The sheer amount of information Becker provides and multitudinous lines of inquiry she pursues could overwhelm a younger reader. In the vampire chapter, for instance, a kid in Grade 3 might find herself a little vexed by the concept of HeLa cells, “obtained [in 1951] from the cervix of a woman with cancer named Henrietta Lacks,” which continue to live and divide, and thus may be considered immortal. Older readers, however, will be all over this stuff like Dracula on a swan-like neck."
          - Quill and Quire

"Frankenstein, vampires, bigfoot, zombies, werewolves, sea monsters — they’re not real, right? But what if they were? How would science explain their existence? In this totally original book, these mythical creatures are put under the microscope, one by one, and the scientific principles that prove or disprove their plausibility are explained."

-Canadian Children's Book Centre

"Vampires, Zombies, and Werewolves, oh my! This highly engaging examination of monsters dissects various legendary creatures, providing readers with a fact-based study of the supernatural. After a brief introduction, readers can explore six chapters focusing on the most renowned monsters, examining each with a scientific lens. For example, a chapter on sea monsters describes the legendary Loch Ness Monster and the Kraken, while also including informational text about sonar, ocean trenches, and warm-blooded vs. cold-blooded creatures. The colorful pages and comic style illustrations provide a humorous view of the scary content, and are a great match to the author’s playful text. Accented with monster facts and monster jokes, each chapter also ends with a quick quiz such as “Surviving the Zombie Apocalypse.” Readers looking for a scare will not be disappointed, but will also find themselves laughing and learning something new along the way. Be sure to read this one before dark! Highly Recommended

"School Library Connection"

"This book was fantastic! Each chapter is dedicated to a different well known monster: Frankenstein, Vampire, Bigfoot, Zombie, Werewolf and Sea Monster, and for each of them the science, and also historic and cultural backgrounds are analyzed in order to try to figure out if their existence could be possible.

As an example, in Frankenstein's chapter (which is also my favorite) the reader will find the story of when Mary Shelly wrote the first draft of the novel, the Enlightenment as the background, what is electricity and if it really can wake the dead, neurons, organ transplantation, genetic engineering, monsters as lonely creatures, mad scientists, body snatchers, and more.
Going through all the six chapters you will read about an incredibly amount of topics such as blood diseases, scientific revolution, metamorphosis, hypnosis, species classification, evolution, plagues,  hybrids, Sonar, Tsunamis, and an endless etc.

The text is accessible for the age range, and the book is thoroughly illustrated with funny pictures, not scary at all.
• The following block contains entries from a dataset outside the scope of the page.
locale energy_efficiency_model =
  fixes c C0 :: real and a :: "'k::finite \<Rightarrow> 'k \<Rightarrow> real" and d n \<Delta> \<beta> :: "'k \<Rightarrow> real"
  assumes c_nonneg: "0 \<le> c" and C0_pos: "0 < C0"
    and a_nonneg: "\<And>k k'. 0 \<le> a k k'" and d_nonneg: "\<And>k. 0 \<le> d k"
    and d_le_a: "\<And>k. d k \<le> a k k" and n_pos: "\<And>k. 0 < n k"
    and Delta_nonneg: "\<And>k. 0 \<le> \<Delta> k" and beta_nonneg: "\<And>k. 0 \<le> \<beta> k"
begin

lemma interference_power_pos:
  assumes "0 \<le> P"
  shows "0 < interference_power a d n k P"
proof -
  have "d k * P$k \<le> a k k * P$k"
    using assms d_le_a by (simp add: less_eq_vec_def mult_right_mono)
  also have "\<dots> \<le> (\<Sum>k'\<in>UNIV. a k k' * P$k')"
    using assms a_nonneg by (intro member_le_sum) (auto simp: less_eq_vec_def)
  finally show ?thesis
    using n_pos[of k] by (simp add: interference_power_def received_power_def)
qed

lemma interference_le_received_power:
  assumes "0 \<le> P"
  shows "interference_power a d n k P \<le> received_power a n k P"
  using assms d_nonneg by (simp add: interference_power_def less_eq_vec_def)

lemma received_power_pos: "0 \<le> P \<Longrightarrow> 0 < received_power a n k P"
  using interference_power_pos interference_le_received_power by (rule less_le_trans)

lemma Rate_nonneg:
  assumes "0 \<le> P"
  shows "0 \<le> Rate c a d n P k"
proof -
  have "log 2 (interference_power a d n k P) \<le> log 2 (received_power a n k P)"
    using interference_power_pos[OF assms] received_power_pos[OF assms]
      interference_le_received_power[OF assms]
    by simp
  then show ?thesis
    using c_nonneg by (simp add: Rate_def ffun_eq gfun_eq)
qed

lemma Rbar_le_Rate: "0 \<le> P \<Longrightarrow> 0 \<le> P0 \<Longrightarrow> Rbar c a d n P P0 k \<le> Rate c a d n P k"
  using c_nonneg log_le_log_tangent[of 2, OF _ interference_power_pos interference_power_pos]
  by (simp add: Rbar_def Rate_def ghat_eq gfun_eq mult_left_mono)

lemma Rate_le_Rhat: "0 \<le> P \<Longrightarrow> 0 \<le> P0 \<Longrightarrow> Rate c a d n P k \<le> Rhat c a d n P P0 k"
  using c_nonneg log_le_log_tangent[of 2, OF _ received_power_pos received_power_pos]
  by (simp add: Rhat_def Rate_def fhat_eq ffun_eq mult_left_mono)

lemma PN_pos: "0 \<le> P \<Longrightarrow> (\<And>k. 0 \<le> x k) \<Longrightarrow> 0 < PN C0 \<Delta> \<beta> P x"
  using C0_pos Delta_nonneg beta_nonneg
  by (auto simp: PN_def less_eq_vec_def intro!: add_pos_nonneg sum_nonneg)

lemma PN_mono: "(\<And>k. x k \<le> y k) \<Longrightarrow> PN C0 \<Delta> \<beta> P x \<le> PN C0 \<Delta> \<beta> P y"
  using beta_nonneg by (auto simp: PN_def intro!: sum_mono mult_left_mono)

lemma EEbar_le_EE:
  assumes "0 \<le> P" "0 \<le> P0"
  shows "EEbar c a d n C0 \<Delta> \<beta> P P0 \<le> EE c a d n C0 \<Delta> \<beta> P"
  unfolding EEbar_def EE_def
proof (rule frac_le)
  show "0 \<le> (\<Sum>k\<in>UNIV. Rate c a d n P k)"
    using Rate_nonneg assms by (simp add: sum_nonneg)
  show "(\<Sum>k\<in>UNIV. Rbar c a d n P P0 k) \<le> (\<Sum>k\<in>UNIV. Rate c a d n P k)"
    using Rbar_le_Rate assms by (simp add: sum_mono)
  show "0 < PN C0 \<Delta> \<beta> P (\<lambda>k. Rate c a d n P k)"
    using PN_pos Rate_nonneg assms by simp
  show "PN C0 \<Delta> \<beta> P (\<lambda>k. Rate c a d n P k) \<le> PN C0 \<Delta> \<beta> P (\<lambda>k. Rhat c a d n P P0 k)"
    using PN_mono Rate_le_Rhat assms by simp
qed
Most of the kids are interested, or at least curious, about monsters, and Monster Science is a great option to stimulate their interest in science.

I received this copy from the publisher via NetGalley in exchange for an honest review."
- Reviews in Chalk

"A totally unique way of exploring science, this book uses a collection of classic monster examples to cover a wide and fascinating range of real science, mostly relating to anatomy and biology.  Engaging, humorous and fascinating!"